Then Steven held his head at an angle and looked into her green eyes as a thought occurred to him. "Your family gypsies or something?"

It would explain the huge family, scruffy clothes and the stick. Well, it might explain the stick. But what bothered him was that it seemed no-one was looking for her.

Not that he cared about that, it didn't matter to him. But there was usually something about a little kid going missing, even if it wasn't front page. He didn't take the foreign newspapers since he couldn't read much French or Dutch or Danish, but he guessed it was the same in other countries.

He leaned his face closer to this girl and growled through closed teeth, "Who – are – you?"

Even with the tape off she hadn't made a noise. Instead, her eyes just flicked around, desperate.

"Tom?" he heard her whimper, "Please, Tom, don't hurt me." She gave a few heavy breaths. "Tom, did you hurt those others? Colin and Justin and Penelope and Hermione? Are you going to hurt me?"
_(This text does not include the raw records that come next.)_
lemma gfun_eq:
  "gfun S mu Sig muf isig2 y f
     = 2 * Re (cinner (cadj (Xgrave S f) *v y) (Amat S Sig *v (matrix_inv Sig *v mu)))
       + herm_form (Amat S Sig) (cadj (Xgrave S f) *v y) - isig2 / 2 * (f - muf)\<^sup>2"
proof -
  have "bvec S Sig mu = Amat S Sig *v (matrix_inv Sig *v mu)"
    by (simp add: bvec_def matrix_vector_mul_assoc Amat_mult_matrix_inv_Sig)
  then show ?thesis
    by (simp add: gfun_def Let_def)
qed

lemma exponent_split:
  "herm_form (matrix_inv Sig) (h - mu) + (f - muf)\<^sup>2 / (2 * s2)
     + (norm (y - Xgrave S f *v h))\<^sup>2
     = residual + posterior_form f h - gfun S mu Sig muf (1 / s2) y f"
  using herm_form_complete_square[of "matrix_inv Sig" "Xgrave S f" h mu y]
    pos_def_mat_invertible[OF precision_pos_def] Sig_pos_def[THEN pos_def_mat_matrix_inv]
  by (simp add: posterior_form_def residual_def gfun_eq h_mmse_eq Amat_eq precision_def
      cadj_Xgrave_mult_Xgrave pos_def_mat_def)

lemma joint_density_eq:
  "joint_density S mu Sig muf s2 h f y
     = scale * exp (gfun S mu Sig muf (1 / s2) y f - posterior_form f h)"
proof -
  have "exp (- herm_form (matrix_inv Sig) (h - mu)) * exp (- (f - muf)\<^sup>2 / (2 * s2))
        * exp (- (norm (y - Xgrave S f *v h))\<^sup>2)
      = exp (- (herm_form (matrix_inv Sig) (h - mu) + (f - muf)\<^sup>2 / (2 * s2)
               + (norm (y - Xgrave S f *v h))\<^sup>2))"
    by (simp add: mult_exp_exp)
  also have "\<dots> = exp (- residual) * exp (gfun S mu Sig muf (1 / s2) y f - posterior_form f h)"
    by (simp add: exponent_split mult_exp_exp)
  finally show ?thesis
    by (simp add: joint_density_def cgauss_density_def rgauss_density_def noise_density_def
        scale_def field_simps)
qed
She hadn't even seen him. But Steven knew that look. It was the look eight-year-old Sam White had when he had been his, been his for a whole year when he lived four doors down from Steven, a whole year while the older boy had him at his mercy. Before the police came around when Sam was nine and Steven was sixteen and a half and Steven had been given his first and so far, only, prison sentence.
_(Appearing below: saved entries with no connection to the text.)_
lemma eight_C_eq: "8 * ch.C = L"
proof -
  have "8 * ch.C = 42 * beta / lam^2"
    unfolding ch.C_def using lam_pos by (simp add: field_simps power2_eq_square)
  also have "\<dots> = L" using lam_pos g L by (simp add: hard_beta_def hard_lam_def power2_eq_square field_simps)
  finally show ?thesis .
qed

lemma hard_grad_in_vecd: "hard_grad T L g x \<in> vecd T"
  by (simp add: vecd_def hard_grad_def chain_grad_def)

lemma hard_has_grad: "has_grad T (hard_fun T L g) (hard_grad T L g x) x"
  unfolding has_grad_def
proof (intro allI impI)
  fix e :: real assume e: "e > 0"
  define K where "K = 4 * ch.C + 1"
  have K: "K > 0" using ch.bounds_nonneg by (simp add: K_def)
  show "\<exists>\<delta>>0. \<forall>h\<in>vecd T. normd T h < \<delta> \<longrightarrow>
          \<bar>hard_fun T L g (\<lambda>j. x j + h j) - hard_fun T L g x - (\<Sum>j<T. hard_grad T L g x j * h j)\<bar>
            \<le> e * normd T h"
  proof (intro exI[of _ "e / K"] conjI ballI impI)
    show "e / K > 0" using e K by simp
    fix h assume h: "h \<in> vecd T" "normd T h < e / K"
    have nh: "normd T h \<ge> 0" by (simp add: normd_def sum_nonneg)
    have "\<bar>hard_fun T L g (\<lambda>j. x j + h j) - hard_fun T L g x - (\<Sum>j<T. hard_grad T L g x j * h j)\<bar>
        \<le> 4 * ch.C * (\<Sum>k<T. (h k)^2)"
      unfolding hard_fun_def hard_grad_def by (rule ch.chain_fun_taylor)
    also have "\<dots> = 4 * ch.C * (normd T h)^2" by (simp add: normd_squared)
    also have "\<dots> \<le> (K * normd T h) * normd T h"
      using nh mult_right_mono[of "4 * ch.C" K "(normd T h)^2"] by (simp add: K_def power2_eq_square)
    also have "\<dots> \<le> e * normd T h"
      using h(2) K nh by (intro mult_right_mono) (simp_all add: field_simps)
    finally show "\<bar>hard_fun T L g (\<lambda>j. x j + h j) - hard_fun T L g x - (\<Sum>j<T. hard_grad T L g x j * h j)\<bar>
        \<le> e * normd T h" .
  qed
qed

lemma hard_grad_lipschitz:
  "normd T (\<lambda>j. hard_grad T L g x j - hard_grad T L g y j) \<le> L * normd T (\<lambda>j. x j - y j)"
  using ch.chain_grad_lipschitz[of x y] eight_C_eq by (simp add: normd_def hard_grad_def)

lemma hard_fun_gap: "hard_fun T L g (\<lambda>_. 0) - hard_fun T L g x \<le> 2 * (real T + 1) * beta"
  using ch.chain_fun_gap[of x] by (simp add: hard_fun_def)
lemma window_blue_configurations:
  fixes red :: "nat set \<Rightarrow> bool"
  assumes no_short: "\<forall>vs. is_cycle (red_edges (pow3_edges {0..10}) red) vs \<longrightarrow> length vs \<notin> {3, 4, 5}"
    and blue_at_0: "\<not> red {0, 1} \<or> \<not> red {0, 2} \<or> \<not> red {0, 3}"
  obtains "\<not> red {0,1}" "\<not> red {1,2} \<or> \<not> red {1,3} \<or> \<not> red {1,4}"
    | "\<not> red {0,2}" "\<not> red {2,3} \<or> \<not> red {2,4}"
    | "\<not> red {0,3}" "\<not> red {3,4} \<or> \<not> red {3,5}"
    | "\<not> red {0,2}" "\<not> red {1,2}" "\<not> red {1,3}" "\<not> red {3,4}"
    | "\<not> red {0,3}" "\<not> red {1,3}" "\<not> red {1,2}" "\<not> red {2,4}" "\<not> red {4,5}"
    | "\<not> red {0,3}" "\<not> red {2,3}" "\<not> red {1,2}" "\<not> red {1,4}" "\<not> red {4,5}"
proof -
  \<comment> \<open>Each listed \<open>vs\<close> is a 3- or 4-cycle of the window, and \<open>(a, b)\<close> runs over its edges.\<close>
  have not_all_red: "\<not> list_all (\<lambda>(a, b). red {a, b}) (zip vs (tl vs @ [hd vs]))"
    if "vs \<in> {[0,1,2], [0,1,3], [1,2,3], [1,3,4], [2,3,4], [3,4,5],
               [0,2,1,3], [0,1,4,2], [0,1,2,3], [0,1,3,2]}" for vs :: "nat list"
    using that no_short[rule_format, of vs]
    by (auto simp: is_cycle_iff_successively red_edges_def insert_mem_pow3_edges insert_commute)
  show ?thesis
    using that[atomize] blue_at_0
      not_all_red[of "[0,1,2]"] not_all_red[of "[0,1,3]"] not_all_red[of "[1,2,3]"]
      not_all_red[of "[1,3,4]"] not_all_red[of "[2,3,4]"] not_all_red[of "[3,4,5]"]
      not_all_red[of "[0,2,1,3]"] not_all_red[of "[0,1,4,2]"] not_all_red[of "[0,1,2,3]"]
      not_all_red[of "[0,1,3,2]"]
    by (simp add: insert_commute) argo
qed

definition dense_blue_window_path :: "(nat set \<Rightarrow> bool) \<Rightarrow> nat \<Rightarrow> nat list \<Rightarrow> bool" where
  "dense_blue_window_path red k vs \<longleftrightarrow>
     is_path (blue_edges (pow3_edges {0..k}) red) vs \<and> hd vs = 0 \<and> last vs = k \<and>
     (\<exists>j \<in> {1, 2, 3}. k + j \<le> 10 \<and> \<not> red {k, k + j}) \<and> k \<le> 3 * card (set vs \<inter> {1..k})"

lemma window_blue_path:
  fixes red :: "nat set \<Rightarrow> bool"
  assumes no_short: "\<forall>vs. is_cycle (red_edges (pow3_edges {0..10}) red) vs \<longrightarrow> length vs \<notin> {3, 4, 5}"
    and blue_at_0: "\<not> red {0, 1} \<or> \<not> red {0, 2} \<or> \<not> red {0, 3}"
  shows "\<exists>k \<in> {1..9}. \<exists>vs. dense_blue_window_path red k vs"
proof -
  note witness_simps = dense_blue_window_path_def is_path_iff_successively blue_edges_def
    insert_mem_pow3_edges insert_commute eval_nat_numeral
  have witness: "\<exists>k \<in> {1..9}. \<exists>vs. dense_blue_window_path red k vs"
    if "k \<in> {1..9}" "dense_blue_window_path red k vs" for k vs
    using that by blast
  from window_blue_configurations[OF assms] show ?thesis
  proof cases
    case 1 then show ?thesis by (intro witness[of 1 "[0,1]"]) (auto simp: witness_simps)
  next
    case 2 then show ?thesis by (intro witness[of 2 "[0,2]"]) (auto simp: witness_simps)
  next
    case 3 then show ?thesis by (intro witness[of 3 "[0,3]"]) (auto simp: witness_simps)
  next
    case 4 then show ?thesis by (intro witness[of 3 "[0,2,1,3]"]) (auto simp: witness_simps)
  next
    case 5 then show ?thesis by (intro witness[of 4 "[0,3,1,2,4]"]) (auto simp: witness_simps)
  next
    case 6 then show ?thesis by (intro witness[of 4 "[0,3,2,1,4]"]) (auto simp: witness_simps)
  qed
qed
A prison sentence that lasted for five long years before he was released, far away from his mother and his life, up in a small village in Lancashire. It was two years before he joined the biscuit company that he sold shares and supplies with, travelling around and selling them to business associates here and abroad.

And it had been four months after he took the job that he had snatched ten-year-old Alana Dunn as she cycled near her home in Kells, County Meath. Steven smiled as he recalled pretty, curly-haired Alana. He had dumped her body after he drove to the end of a country lane and found a bog. If he was right, they found her four months later, perfectly preserved.

He still had her St Christopher medal. It was in his drawer gathering dust, next to Felicity Jackson's Barbie doll and Lucas Coutroue's trainers.

Steven asked the redhead, "What's your name?"

Her small pupils turned to look at him and she gasped, "Ginny Weasley." She then asked, in a hoarse whisper, "Is Tom here? He said he could help me. He said he'd explain why I've been having blackouts and what's been happening around the school."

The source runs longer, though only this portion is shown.